Only one stretch of the data is wanted: the line containing "by measurable", the line containing "(CLINT \<omega>|M. of_real", and every line between them, copied exactly.

[[ MATERIAL PROVIDED open ]]

lemma sum_neighbourhood_covariance_eq:
  "(\<Sum>i\<in>S. \<integral>\<omega>. Y i \<omega> * (\<Sum>j\<in>A i. Y j \<omega>) \<partial>M) = expectation (\<lambda>\<omega>. (\<Sum>j\<in>S. Y j \<omega>)\<^sup>2)"
proof -
  have integrable: "integrable M (\<lambda>\<omega>. Y i \<omega> * (\<Sum>j\<in>C. Y j \<omega>))" if "i \<in> S" "C \<subseteq> S" for i C
    using that bounded_Y abs_sum_Y_le bound_nonneg
    by (intro integrable_of_norm_le_const[where C="b * (real (card C) * b)"])
      (auto simp: abs_mult intro!: mult_mono)
  have "expectation (\<lambda>\<omega>. (\<Sum>j\<in>S. Y j \<omega>)\<^sup>2) = (\<Sum>i\<in>S. expectation (\<lambda>\<omega>. Y i \<omega> * (\<Sum>j\<in>S. Y j \<omega>)))"
    by (simp add: power2_eq_square sum_distrib_right integrable Bochner_Integration.integral_sum)
  also have "\<dots> = (\<Sum>i\<in>S. \<integral>\<omega>. Y i \<omega> * (\<Sum>j\<in>A i. Y j \<omega>) \<partial>M)"
  proof (rule sum.cong[OF refl])
    fix i assume i: "i \<in> S"
    have A: "A i \<subseteq> S"
      using i A_subset_B B_subset_S by blast
    have outside: "expectation (\<lambda>\<omega>. Y i \<omega> * (\<Sum>j\<in>S - A i. Y j \<omega>)) = 0"
      using integral_Y_mult_outside_A[OF i, where G="\<lambda>x. \<Sum>j\<in>S - A i. x j", unfolded sum_restrict]
        integrable[OF i, of "S - A i"] integrable_sum_Y[of "S - A i"]
      by (simp add: borel_measurable_sum_components)
    have "(\<Sum>j\<in>S. Y j \<omega>) = (\<Sum>j\<in>A i. Y j \<omega>) + (\<Sum>j\<in>S - A i. Y j \<omega>)" for \<omega>
      using sum.subset_diff[OF A finite_S, of "\<lambda>j. Y j \<omega>"] by linarith
    then show "expectation (\<lambda>\<omega>. Y i \<omega> * (\<Sum>j\<in>S. Y j \<omega>)) = (\<integral>\<omega>. Y i \<omega> * (\<Sum>j\<in>A i. Y j \<omega>) \<partial>M)"
      using outside integrable[OF i A] integrable[OF i, of "S - A i"]
      by (simp add: distrib_left)
  qed
  finally show ?thesis ..
qed

lemma constants_nonneg:
  assumes "i \<in> S"
  shows "0 \<le> b" "0 \<le> D" "0 \<le> D'"
  using bound_nonneg[OF assms] order_trans[OF of_nat_0_le_iff card_A_le[OF assms]]
    order_trans[OF of_nat_0_le_iff card_B_le[OF assms]] by auto

lemma abs_sum_Y_le_const:
  "C \<subseteq> S \<Longrightarrow> real (card C) \<le> K \<Longrightarrow> 0 \<le> b \<Longrightarrow> \<bar>\<Sum>j\<in>C. Y j \<omega>\<bar> \<le> K * b"
  using abs_sum_Y_le[of C \<omega>] mult_right_mono[of "real (card C)" K b] by linarith

lemma sum_Y_split:
  assumes "i \<in> S"
  shows "(\<Sum>j\<in>S. Y j \<omega>) = (\<Sum>j\<in>A i. Y j \<omega>) + (\<Sum>j\<in>B i - A i. Y j \<omega>) + (\<Sum>j\<in>S - B i. Y j \<omega>)"
    and "(\<Sum>j\<in>S - A i. Y j \<omega>) = (\<Sum>j\<in>B i - A i. Y j \<omega>) + (\<Sum>j\<in>S - B i. Y j \<omega>)"
proof -
  have sub: "A i \<subseteq> B i" "B i \<subseteq> S" "B i - A i \<subseteq> S - A i"
    using assms A_subset_B B_subset_S by blast+
  have finite: "finite (B i)" "finite (S - A i)"
    using sub finite_S by (auto intro: finite_subset)
  have "(S - A i) - (B i - A i) = S - B i"
    using sub by blast
  then show "(\<Sum>j\<in>S - A i. Y j \<omega>) = (\<Sum>j\<in>B i - A i. Y j \<omega>) + (\<Sum>j\<in>S - B i. Y j \<omega>)"
    using sum.subset_diff[OF sub(3) finite(2), of "\<lambda>j. Y j \<omega>"] by simp
  show "(\<Sum>j\<in>S. Y j \<omega>) = (\<Sum>j\<in>A i. Y j \<omega>) + (\<Sum>j\<in>B i - A i. Y j \<omega>) + (\<Sum>j\<in>S - B i. Y j \<omega>)"
    using sum.subset_diff[OF sub(2) finite_S, of "\<lambda>j. Y j \<omega>"]
      sum.subset_diff[OF sub(1) finite(1), of "\<lambda>j. Y j \<omega>"] by linarith
qed

lemma integrable_iexp_sum_Y:
  assumes "C \<subseteq> S"
  shows "integrable M (\<lambda>\<omega>. iexp (t * (\<Sum>j\<in>C. Y j \<omega>)))"
proof (rule integrable_of_norm_le_const[where C=1])
  have [measurable]: "(\<lambda>\<omega>. \<Sum>j\<in>C. Y j \<omega>) \<in> borel_measurable M"
    using assms by (rule borel_measurable_sum_Y)
  show "(\<lambda>\<omega>. iexp (t * (\<Sum>j\<in>C. Y j \<omega>))) \<in> borel_measurable M"
    by measurable
qed simp

lemma integral_Y_mult_iexp_outside_A:
  "i \<in> S \<Longrightarrow> (CLINT \<omega>|M. Y i \<omega> * iexp (t * (\<Sum>j\<in>S - A i. Y j \<omega>))) = 0"
  using integral_Y_mult_outside_A[OF _ borel_measurable_iexp_sum_components, unfolded sum_restrict]
    integrable_iexp_sum_Y[of "S - A i"] by simp

lemma integral_neighbourhood_mult_iexp_outside_B:
  "i \<in> S \<Longrightarrow> (CLINT \<omega>|M. of_real (Y i \<omega> * (\<Sum>j\<in>A i. Y j \<omega>)) * iexp (t * (\<Sum>j\<in>S - B i. Y j \<omega>)))
    = of_real (\<integral>\<omega>. Y i \<omega> * (\<Sum>j\<in>A i. Y j \<omega>) \<partial>M) * (CLINT \<omega>|M. iexp (t * (\<Sum>j\<in>S - B i. Y j \<omega>)))"
  using integral_neighbourhood_mult_outside_B[OF _ borel_measurable_iexp_sum_components, unfolded sum_restrict]
    integrable_iexp_sum_Y[of "S - B i"] by simp

text \<open>The two subtracted terms are those whose expectations are controlled by (LD1) and (LD2);
  what is left is quadratic in \<open>t\<close>.\<close>
lemma cmod_stein_remainder_le:
  assumes i: "i \<in> S"
  shows "cmod (Y i \<omega> * iexp (t * (\<Sum>j\<in>S. Y j \<omega>)) - Y i \<omega> * iexp (t * (\<Sum>j\<in>S - A i. Y j \<omega>))
      - \<i> * t * (Y i \<omega> * (\<Sum>j\<in>A i. Y j \<omega>)) * iexp (t * (\<Sum>j\<in>S - B i. Y j \<omega>)))
    \<le> b ^ 3 * (D\<^sup>2 / 2 + D * D') * t\<^sup>2"
proof -
  define U where "U = (\<Sum>j\<in>A i. Y j \<omega>)"
  define V where "V = (\<Sum>j\<in>B i - A i. Y j \<omega>)"
  note nonneg = constants_nonneg[OF i]
  have sub: "A i \<subseteq> S" "B i - A i \<subseteq> S"
    using i A_subset_B B_subset_S by blast+
  have "real (card (B i - A i)) \<le> D'"
    using card_mono[of "B i" "B i - A i"] card_B_le[OF i] finite_subset[OF B_subset_S[OF i] finite_S] by auto
  then have bound_V: "\<bar>V\<bar> \<le> D' * b"
    unfolding V_def using sub nonneg by (intro abs_sum_Y_le_const)
  have bound_U: "\<bar>U\<bar> \<le> D * b"
    unfolding U_def using sub card_A_le[OF i] nonneg by (intro abs_sum_Y_le_const)
  have bound_yU: "\<bar>t * (Y i \<omega> * U)\<bar> \<le> \<bar>t\<bar> * (b * (D * b))"
    unfolding abs_mult using bounded_Y[OF i] bound_U nonneg by (intro mult_left_mono mult_mono) auto
  have "(t * U)\<^sup>2 \<le> t\<^sup>2 * (D * b)\<^sup>2"
    using power_mono[OF bound_U abs_ge_zero, of 2] by (simp add: power_mult_distrib mult_left_mono)
  then have "\<bar>Y i \<omega>\<bar> * (t * U)\<^sup>2 / 2 + \<bar>t * (Y i \<omega> * U)\<bar> * \<bar>t * V\<bar>
      \<le> b * (t\<^sup>2 * (D * b)\<^sup>2) / 2 + \<bar>t\<bar> * (b * (D * b)) * (\<bar>t\<bar> * (D' * b))"
    using bounded_Y[OF i] bound_yU bound_V nonneg
    by (intro add_mono mult_mono divide_right_mono) (auto simp: abs_mult intro: mult_left_mono)
  also have "\<dots> = b ^ 3 * (D\<^sup>2 / 2 + D * D') * t\<^sup>2"
    by (simp add: power2_eq_square power3_eq_cube algebra_simps)
  finally show ?thesis
    using cmod_local_expansion_le[of "Y i \<omega>" t U V "\<Sum>j\<in>S - B i. Y j \<omega>"]
    unfolding sum_Y_split[OF i] U_def V_def by (simp add: add.assoc)
qed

[[ MATERIAL PROVIDED closed ]]

• [SOLUTION TO THE EXERCISE]:
    by measurable
qed simp

lemma integral_Y_mult_iexp_outside_A:
  "i \<in> S \<Longrightarrow> (CLINT \<omega>|M. Y i \<omega> * iexp (t * (\<Sum>j\<in>S - A i. Y j \<omega>))) = 0"
  using integral_Y_mult_outside_A[OF _ borel_measurable_iexp_sum_components, unfolded sum_restrict]
    integrable_iexp_sum_Y[of "S - A i"] by simp

lemma integral_neighbourhood_mult_iexp_outside_B:
  "i \<in> S \<Longrightarrow> (CLINT \<omega>|M. of_real (Y i \<omega> * (\<Sum>j\<in>A i. Y j \<omega>)) * iexp (t * (\<Sum>j\<in>S - B i. Y j \<omega>)))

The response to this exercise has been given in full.